Saturday flowed into Sunday, and unfortunately I missed Sunday brunch (but, honestly... who the hell has Sunday brunch before 1:00 p.m.? That's just sick! :-p ). Sunday got kind of blurry actually. Somehow I ended up buying a bizarre assortment of goods at Army and Navy with Nick and Sandi without ever having even gotten around to showering or shaving. I came home with WD40, underwear and socks, candles, ice-cream and a present for Nat's daughter all in the same bag - where but Army and Navy could one do that? The place is surreal. There was barely enough time to shower, shave, and wrap the present before heading downstairs for a Thanksgiving dinner.

That's the wonderful thing about being here. I had the best Thanksgiving I've had in ages, right here in the same building I live in. The food was brilliant, as was the company. The after dinner symposium on the existence of God, free-will, and culture was a dialogue Socrates himself would have enjoyed. I can only repeat again how wonderfully *myself* I feel here. This is the life I have been looking for. It was in the hopes of this kind of sense of community and home that I tried the live-work studios. But you can't force this sort of thing to happen. Here it is happening spontaneously. The only times before this that was similar was way back in View Towers, in Victoria, in 1986. Friends I already knew lived in the building and more moved in. It was those friends and the feeling of community that makes me look back on that time fondly when the harsh reality of my poverty then could have as easily had me looking back on it as a miserable time. Likewise in 1989, in Nanaimo, there were people, old friends and new, in the same apartment complex that made it a brilliant time even when to much of it was hard. Even tonight, for example Nick and Sandi came down for a few hours to hang around. I've had more guests (of my own) here already than my whole time in North Van. No matter how many people paraded though that house they were her friends, not mine, and it left me alienated. Whether they really were or not the few friends I had over remarked immediately how they didn't feel welcome.
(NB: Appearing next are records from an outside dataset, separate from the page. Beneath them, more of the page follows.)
theorem corollary3p10:
  fixes f :: "'a::euclidean_space \<Rightarrow> real" and g :: "'a \<Rightarrow> 'b::euclidean_space"
    and K :: "'b set"
    and Df :: "'a \<Rightarrow> ('a \<Rightarrow>\<^sub>L real)" and D2f :: "'a \<Rightarrow> ('a \<Rightarrow>\<^sub>L ('a \<Rightarrow>\<^sub>L real))"
    and Dg :: "'a \<Rightarrow> ('a \<Rightarrow>\<^sub>L 'b)" and D2g :: "'a \<Rightarrow> ('a \<Rightarrow>\<^sub>L ('a \<Rightarrow>\<^sub>L 'b))"
    and xbar :: 'a and \<kappa> \<delta> :: real
  assumes f_deriv: "\<And>x. (f has_derivative blinfun_apply (Df x)) (at x)"
    and f_deriv2: "\<And>x. (Df has_derivative blinfun_apply (D2f x)) (at x)"
    and f_cont2: "continuous_on UNIV D2f"
    and g_deriv: "\<And>x. (g has_derivative blinfun_apply (Dg x)) (at x)"
    and g_deriv2: "\<And>x. (Dg has_derivative blinfun_apply (D2g x)) (at x)"
    and g_cont2: "continuous_on UNIV D2g"
    and K_closed: "closed K"
    and S_nonempty: "optimal_set f g K \<noteq> {}"
    and sharp: "weak_sharp_min2 f g K xbar \<kappa> \<delta>"
    and rcq: "\<forall>x \<in> feasible_set g K \<inter> ball xbar \<delta>. \<forall>d \<in> critical_cone Df Dg g K x.
                DirRCQ Dg g K x d"
  shows
   "(\<forall>\<epsilon> \<in> {0..<1/2}. \<forall>x \<in> optimal_set f g K \<inter> ball xbar \<delta>.
      \<forall>d \<in> critical_cone Df Dg g K x \<inter> eps_prox_normal_cone (optimal_set f g K) x \<epsilon>.
        (\<forall>Kd. Kd \<noteq> {} \<and> convex Kd \<and>
              Kd \<subseteq> asymptotic_second_tangent_cone K (g x) (blinfun_apply (Dg x) d) \<longrightarrow>
           (\<exists>lam \<in> multipliers_c Df Dg g K x d. support_fun Kd lam \<le> 0)) \<and>
        (second_tangent_set K (g x) (blinfun_apply (Dg x) d) \<noteq> {} \<longrightarrow>
          (\<forall>Kd. Kd \<noteq> {} \<and> convex Kd \<and>
                Kd \<subseteq> second_tangent_set K (g x) (blinfun_apply (Dg x) d) \<longrightarrow>
             (\<exists>lam \<in> multipliers_c Df Dg g K x d.
                ereal (hessL D2f D2g x lam d) - support_fun Kd lam
                  \<ge> ereal (2 * \<kappa> * (1 - 2 * \<epsilon>)\<^sup>2 * (norm d)\<^sup>2))))) \<and>
    (\<forall>x \<in> optimal_set f g K \<inter> ball xbar \<delta>. \<forall>d \<in> critical_cone Df Dg g K x.
        (\<forall>Kd. Kd \<noteq> {} \<and> convex Kd \<and>
              Kd \<subseteq> asymptotic_second_tangent_cone K (g x) (blinfun_apply (Dg x) d) \<longrightarrow>
           (\<exists>lam \<in> multipliers_c Df Dg g K x d. support_fun Kd lam \<le> 0)) \<and>
        (second_tangent_set K (g x) (blinfun_apply (Dg x) d) \<noteq> {} \<longrightarrow>
          (\<forall>Kd. Kd \<noteq> {} \<and> convex Kd \<and>
                Kd \<subseteq> second_tangent_set K (g x) (blinfun_apply (Dg x) d) \<longrightarrow>
             (\<exists>lam \<in> multipliers_c Df Dg g K x d.
                ereal (hessL D2f D2g x lam d) - support_fun Kd lam
                  \<ge> ereal (2 * \<kappa> * (infdist d (tangent_cone (optimal_set f g K) x))\<^sup>2)))))"
proof -
  note conditions = second_order_conditions_at_solution[OF f_deriv f_deriv2 g_deriv g_deriv2 K_closed
      sharp rcq]
  show ?thesis
    apply (rule conjI)
    subgoal
      apply (intro ballI)
      subgoal for \<epsilon> x d
        using infdist_ray_ge_of_eps_prox_normal[of x "optimal_set f g K" d \<epsilon>]
        by (intro conditions[where \<theta> = "(1 - 2 * \<epsilon>) * norm d"]) (auto simp: power_mult_distrib)
      done
    subgoal
      apply (intro ballI)
      subgoal for x d
        using infdist_ray_ge_of_tangent_distance[of x "optimal_set f g K" _ d]
        by (intro conditions[where \<theta> = "infdist d (tangent_cone (optimal_set f g K) x)"])
          (auto simp: infdist_nonneg)
      done
    done
qed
Well, here they are, and even though there I was not alone and here I am, there I felt lonely and here I do not.

Following dinner it was off to Sanctuary. Elaine and I spent most of our time in the small room, with the old music. She exhibited an uncanny ability to inadvertently predict what was about to be played. Perhaps those lights Kim wears are really a mind-reading device? Must be the black magic of the Dark City Cult at work. Stupid point of the night was doing my Ukrainian dance through the entirety of "Ra, Ra, Rasputin" - including a sustaining the two-leg kick for about 30 seconds (Try it. I dare you. Squat down, cross your arms in front of your chest, kick both legs out in front of yourself without letting your butt rise more than 2' off the ground and get your legs back before your butt hits the floor. Can you do it once? Twice? OK. Now do it thirty times). I thought my legs were going to fall off later in the night. I give thanks for the couches and lots of gin.

Sunday flowed into the holiday Monday, which was the real "Sunday" of the weekend. Elaine wandered ahead to Christine and Michael's while I had my "morning" shower. I stopped off and bought us each a flying bat (flap, flap... flap.... fl... ap... p... p... bitogoth) then picked up Elaine to go to brunch at Hamburger Mary's.

There are so many other things to say about it, but it was an utterly brilliant weekend. There has been mention of luck and fate lately but I don't buy that this is part of anyone's plan but mine or that anything other than my own actions got me here. I've paid attention over the years to what has made me happy and what has made me unhappy. And for once I have chosen to be happy in and for myself first.

The funny thing about this pursuit of happiness (using the phrase in the Classical sense) is the how, rather than being selfish, it leaves me with more to give. This is a life I want to share, that's worth sharing. And the best part of that is I'm not alone in that belief.